RECORDS SUPPLIED START
lemma convex_cone_hull_normalized_caratheodory:
  fixes T :: "'a::euclidean_space set"
  assumes w: "\<forall>t\<in>T. 0 < w \<bullet> t"
    and z: "z \<in> convex_cone hull ((\<lambda>t. t /\<^sub>R (w \<bullet> t)) ` T)"
  obtains S l where "finite S" "S \<subseteq> T" "card S \<le> DIM('a)" "\<forall>s\<in>S. 0 \<le> l s"
    "z = (\<Sum>s\<in>S. l s *\<^sub>R s)"
proof -
  have "(\<lambda>t. t /\<^sub>R (w \<bullet> t)) ` T \<subseteq> {y. w \<bullet> y = 1}"
    using w by (rule normalized_image_subset_hyperplane)
  then obtain S' l' where S': "finite S'" "S' \<subseteq> (\<lambda>t. t /\<^sub>R (w \<bullet> t)) ` T" "card S' \<le> DIM('a)"
      "\<forall>s\<in>S'. 0 \<le> l' s" and z_eq: "z = (\<Sum>s\<in>S'. l' s *\<^sub>R s)"
    by (rule convex_cone_hull_hyperplane_caratheodory[OF _ z])
  then obtain S where S: "S \<subseteq> T" "inj_on (\<lambda>t. t /\<^sub>R (w \<bullet> t)) S" "S' = (\<lambda>t. t /\<^sub>R (w \<bullet> t)) ` S"
    by (auto simp: subset_image_inj)
  have "finite S" "card S \<le> DIM('a)"
    using S S'(1,3) by (auto simp: card_image finite_image_iff)
  moreover have "\<forall>t\<in>S. 0 \<le> l' (t /\<^sub>R (w \<bullet> t)) / (w \<bullet> t)"
  proof
    fix t assume "t \<in> S"
    then have "0 \<le> l' (t /\<^sub>R (w \<bullet> t))" "0 < w \<bullet> t"
      using S S'(4) w by blast+
    then show "0 \<le> l' (t /\<^sub>R (w \<bullet> t)) / (w \<bullet> t)" by simp
  qed
  moreover have "z = (\<Sum>t\<in>S. (l' (t /\<^sub>R (w \<bullet> t)) / (w \<bullet> t)) *\<^sub>R t)"
    unfolding z_eq S(3) by (simp add: sum.reindex[OF S(2)] divide_inverse)
  ultimately show ?thesis by (rule that[OF _ S(1)])
qed

lemma conic_combination_if_no_strict_separation:
  fixes T :: "'a::euclidean_space set"
  assumes T: "compact T" "0 \<notin> convex hull T"
    and no_sep: "\<And>u. 0 < u \<bullet> z \<Longrightarrow> \<exists>t\<in>T. 0 \<le> u \<bullet> t"
  obtains S l where "finite S" "S \<subseteq> T" "card S \<le> DIM('a)" "\<forall>s\<in>S. 0 \<le> l s"
    "z = (\<Sum>s\<in>S. l s *\<^sub>R s)"
proof -
  obtain w where w: "\<forall>t\<in>T. 0 < w \<bullet> t"
    using separating_hyperplane_closed_0[OF convex_convex_hull
        compact_imp_closed[OF compact_convex_hull[OF T(1)]] T(2)]
    by (meson hull_inc less_trans)
  txt \<open>The cone over the compact base P, which avoids 0, is closed.\<close>
  define P where "P = (\<lambda>t. t /\<^sub>R (w \<bullet> t)) ` T"
  have "compact P"
    unfolding P_def using w
    by (intro compact_continuous_image T(1) continuous_intros) (auto simp: less_imp_neq[symmetric])
  moreover have "P \<subseteq> {y. w \<bullet> y = 1}"
    unfolding P_def using w by (rule normalized_image_subset_hyperplane)
  then have "convex hull P \<subseteq> {y. w \<bullet> y = 1}"
    by (rule hull_minimal) (rule convex_hyperplane)
  then have "0 \<notin> convex hull P" by auto
  ultimately have "closed (convex_cone hull P)"
    by (simp add: convex_cone_hull_separate closed_conic_hull compact_convex_hull)
  moreover have "T \<subseteq> convex_cone hull P"
  proof
    fix t assume "t \<in> T"
    then have "t = (w \<bullet> t) *\<^sub>R (t /\<^sub>R (w \<bullet> t))"
      using bspec[OF w \<open>t \<in> T\<close>] by simp
    also have "\<dots> \<in> convex_cone hull P"
      using \<open>t \<in> T\<close> w by (intro convex_cone_hull_mul hull_inc) (auto simp: P_def less_imp_le)
    finally show "t \<in> convex_cone hull P" .
  qed
  ultimately have "z \<in> convex_cone hull P"
    using mem_convex_cone_if_no_strict_separation[OF convex_cone_convex_cone_hull _ _ bspec[OF w] no_sep]
    by blast
  then obtain S l where "finite S" "S \<subseteq> T" "card S \<le> DIM('a)" "\<forall>s\<in>S. 0 \<le> l s"
    "z = (\<Sum>s\<in>S. l s *\<^sub>R s)"
    unfolding P_def by (rule convex_cone_hull_normalized_caratheodory[OF w])
  then show ?thesis by (rule that)
qed

lemma mem_co_sph_if_conic_combination:
  assumes "X \<noteq> {}" "\<forall>x\<in>X. 0 \<le> l x" "a - c = (\<Sum>x\<in>X. l x *\<^sub>R (x - c))" "a \<in> sphere c R"
  shows "a \<in> co_sph c R X"
proof -
  have "a - c \<in> convex_cone hull ((\<lambda>x. x - c) ` X)"
    unfolding assms(3) using assms(2)
    by (intro convex_cone_sum convex_cone_convex_cone_hull convex_cone_hull_mul hull_inc) auto
  then have "a \<in> convex hull (cone_at c X)"
    unfolding convex_hull_cone_at[OF assms(1)] by (force intro: image_eqI[of _ _ "a - c"])
  then show ?thesis using assms(4) by (simp add: co_sph_def)
qed

lemma two_le_card_if_conic_combination:
  fixes a c :: "'a::real_normed_vector"
  assumes "R > 0" "finite X" "X \<subseteq> sphere c R" "a \<in> sphere c R" "a \<notin> X"
    and l: "\<forall>x\<in>X. 0 \<le> l x" and a: "a - c = (\<Sum>x\<in>X. l x *\<^sub>R (x - c))"
  shows "2 \<le> card X"
proof (rule ccontr)
  assume "\<not> 2 \<le> card X"
  then have "card X = 0 \<or> card X = Suc 0" by linarith
  then consider "X = {}" | x where "X = {x}"
    using \<open>finite X\<close> by (auto simp: card_1_singleton_iff)
  then show False
  proof cases
    case 1
    then have "a = c" using a by simp
    then show False using assms(1,4) by simp
  next
    case (2 x)
    then have ax: "a - c = l x *\<^sub>R (x - c)" "0 \<le> l x" using a l by auto
    have "norm (a - c) = R" "norm (x - c) = R"
      using assms(3,4) 2 by (auto simp: dist_norm norm_minus_commute)
    then have "l x = 1" using arg_cong[OF ax(1), of norm] ax(2) \<open>R > 0\<close> by simp
    then show False using ax(1) 2 \<open>a \<notin> X\<close> by simp
  qed
qed

lemma spherical_caratheodory:
  fixes E :: "'a::euclidean_space set"
  assumes "R > 0" and E: "closed E" and a: "a \<in> coR R E" "dist c a = R"
    and disj: "ball c R \<inter> E = {}" and "a \<notin> E"
    and pointed: "pointed_at c (convex hull (cone_at c (E \<inter> sphere c R)))"
  shows "\<exists>X. finite X \<and> X \<subseteq> E \<inter> sphere c R \<and> 2 \<le> card X \<and> card X \<le> DIM('a)
    \<and> a \<in> co_sph c R X"
proof -
  define K where "K = E \<inter> sphere c R"
  define T where "T = (\<lambda>x. x - c) ` K"
  have "K \<noteq> {}"
    using two_contact_points[OF \<open>R > 0\<close> E a disj \<open>a \<notin> E\<close>] unfolding K_def by blast
  have "compact T"
    unfolding T_def K_def using E
    by (intro compact_continuous_image continuous_intros closed_Int_compact) auto
  moreover have "0 \<notin> convex hull T"
    unfolding T_def using \<open>R > 0\<close>
    by (intro pointed_at_imp_zero_notin_convex_hull[OF pointed[folded K_def] \<open>K \<noteq> {}\<close>])
      (simp add: K_def)
  moreover have "\<exists>t\<in>T. 0 \<le> u \<bullet> t" if "0 < u \<bullet> (a - c)" for u
    using exists_contact_point_in_halfspace[OF E a disj that] unfolding T_def K_def by blast
  ultimately obtain S l where S: "finite S" "S \<subseteq> T" "card S \<le> DIM('a)" "\<forall>s\<in>S. 0 \<le> l s"
    and a_eq: "a - c = (\<Sum>s\<in>S. l s *\<^sub>R s)"
    by (rule conic_combination_if_no_strict_separation)
  define X where "X = (\<lambda>t. t + c) ` S"
  have X: "finite X" "X \<subseteq> K" "card X = card S"
    using S(1,2) by (auto simp: X_def T_def card_image)
  have a_comb: "a - c = (\<Sum>x\<in>X. l (x - c) *\<^sub>R (x - c))"
    unfolding a_eq X_def by (simp add: sum.reindex inj_on_def)
  have nonneg: "\<forall>x\<in>X. 0 \<le> l (x - c)" using S(4) by (auto simp: X_def)
  have "X \<subseteq> sphere c R" "a \<notin> X" "a \<in> sphere c R"
    using X(2) \<open>a \<notin> E\<close> a(2) unfolding K_def by auto
  then have "2 \<le> card X"
    using two_le_card_if_conic_combination[OF \<open>R > 0\<close> X(1) _ _ _ nonneg a_comb] by blast
  then have "X \<noteq> {}" by auto
  have "a \<in> co_sph c R X"
    by (rule mem_co_sph_if_conic_combination[OF \<open>X \<noteq> {}\<close> nonneg a_comb \<open>a \<in> sphere c R\<close>])
  moreover have "card X \<le> DIM('a)" using X(3) S(3) by simp
  moreover have "X \<subseteq> E \<inter> sphere c R" using X(2) unfolding K_def .
  ultimately show ?thesis using X(1) \<open>2 \<le> card X\<close> by blast
qed

theorem mainTheorem4:
  fixes E :: "'a::euclidean_space set" and R :: real and a :: 'a
  assumes "R > 0" and "body E" and "a \<in> frontier (coR R E) - E"
  shows "(\<exists>c. a \<in> sphere c R \<and> ball c R \<inter> coR R E = {})
    \<and> (\<forall>c. a \<in> sphere c R \<and> ball c R \<inter> coR R E = {} \<longrightarrow>
          (\<exists>x y. x \<noteq> y \<and> x \<in> frontier E \<inter> sphere c R \<and> y \<in> frontier E \<inter> sphere c R)
        \<and> (pointed_at c (convex hull (cone_at c (frontier E \<inter> sphere c R))) \<longrightarrow>
            (\<exists>X. finite X \<and> X \<subseteq> frontier E \<inter> sphere c R \<and> 2 \<le> card X \<and> card X \<le> DIM('a)
                 \<and> a \<in> co_sph c R X)))"
proof (intro conjI allI impI)
  have E: "closed E" using assms(2) by (simp add: body_def)
  have a: "a \<in> frontier (coR R E)" "a \<notin> E" using assms(3) by auto
  then have "a \<in> coR R E" using closed_coR frontier_subset_closed by blast
  show "\<exists>c. a \<in> sphere c R \<and> ball c R \<inter> coR R E = {}"
    using supporting_ball_exists[OF a(1)] .
  fix c assume c: "a \<in> sphere c R \<and> ball c R \<inter> coR R E = {}"
  then have disj: "ball c R \<inter> E = {}" using subset_coR by blast
  have "E \<inter> sphere c R \<subseteq> frontier E"
    using closed_Int_closure_disjoint_open_subset_frontier[OF E open_ball disj] \<open>R > 0\<close> by auto
  then have contact: "frontier E \<inter> sphere c R = E \<inter> sphere c R"
    using frontier_subset_closed[OF E] by blast
  have "dist c a = R" using c by simp
  show "\<exists>x y. x \<noteq> y \<and> x \<in> frontier E \<inter> sphere c R \<and> y \<in> frontier E \<inter> sphere c R"
    unfolding contact by (rule two_contact_points[OF \<open>R > 0\<close> E \<open>a \<in> coR R E\<close> \<open>dist c a = R\<close> disj a(2)])
  assume "pointed_at c (convex hull (cone_at c (frontier E \<inter> sphere c R)))"
  then show "\<exists>X. finite X \<and> X \<subseteq> frontier E \<inter> sphere c R \<and> 2 \<le> card X \<and> card X \<le> DIM('a)
      \<and> a \<in> co_sph c R X"
    unfolding contact
    by (rule spherical_caratheodory[OF \<open>R > 0\<close> E \<open>a \<in> coR R E\<close> \<open>dist c a = R\<close> disj a(2)])
qed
RECORDS SUPPLIED END
> [TASK OBJECTIVE]: Every line above from the line with "using \<open>finite X\<close>" to the line with "define X where", both included, must be reproduced exactly, and no other line may appear.

> [YOUR RESPONSE]:
    using \<open>finite X\<close> by (auto simp: card_1_singleton_iff)
  then show False
  proof cases
    case 1
    then have "a = c" using a by simp
    then show False using assms(1,4) by simp
  next
    case (2 x)
    then have ax: "a - c = l x *\<^sub>R (x - c)" "0 \<le> l x" using a l by auto
    have "norm (a - c) = R" "norm (x - c) = R"
      using assms(3,4) 2 by (auto simp: dist_norm norm_minus_commute)
    then have "l x = 1" using arg_cong[OF ax(1), of norm] ax(2) \<open>R > 0\<close> by simp
    then show False using ax(1) 2 \<open>a \<notin> X\<close> by simp
  qed
qed

lemma spherical_caratheodory:
  fixes E :: "'a::euclidean_space set"
  assumes "R > 0" and E: "closed E" and a: "a \<in> coR R E" "dist c a = R"
    and disj: "ball c R \<inter> E = {}" and "a \<notin> E"
    and pointed: "pointed_at c (convex hull (cone_at c (E \<inter> sphere c R)))"
  shows "\<exists>X. finite X \<and> X \<subseteq> E \<inter> sphere c R \<and> 2 \<le> card X \<and> card X \<le> DIM('a)
    \<and> a \<in> co_sph c R X"
proof -
  define K where "K = E \<inter> sphere c R"
  define T where "T = (\<lambda>x. x - c) ` K"
  have "K \<noteq> {}"
    using two_contact_points[OF \<open>R > 0\<close> E a disj \<open>a \<notin> E\<close>] unfolding K_def by blast
  have "compact T"
    unfolding T_def K_def using E
    by (intro compact_continuous_image continuous_intros closed_Int_compact) auto
  moreover have "0 \<notin> convex hull T"
    unfolding T_def using \<open>R > 0\<close>
    by (intro pointed_at_imp_zero_notin_convex_hull[OF pointed[folded K_def] \<open>K \<noteq> {}\<close>])
      (simp add: K_def)
  moreover have "\<exists>t\<in>T. 0 \<le> u \<bullet> t" if "0 < u \<bullet> (a - c)" for u
    using exists_contact_point_in_halfspace[OF E a disj that] unfolding T_def K_def by blast
  ultimately obtain S l where S: "finite S" "S \<subseteq> T" "card S \<le> DIM('a)" "\<forall>s\<in>S. 0 \<le> l s"
    and a_eq: "a - c = (\<Sum>s\<in>S. l s *\<^sub>R s)"
    by (rule conic_combination_if_no_strict_separation)
  define X where "X = (\<lambda>t. t + c) ` S"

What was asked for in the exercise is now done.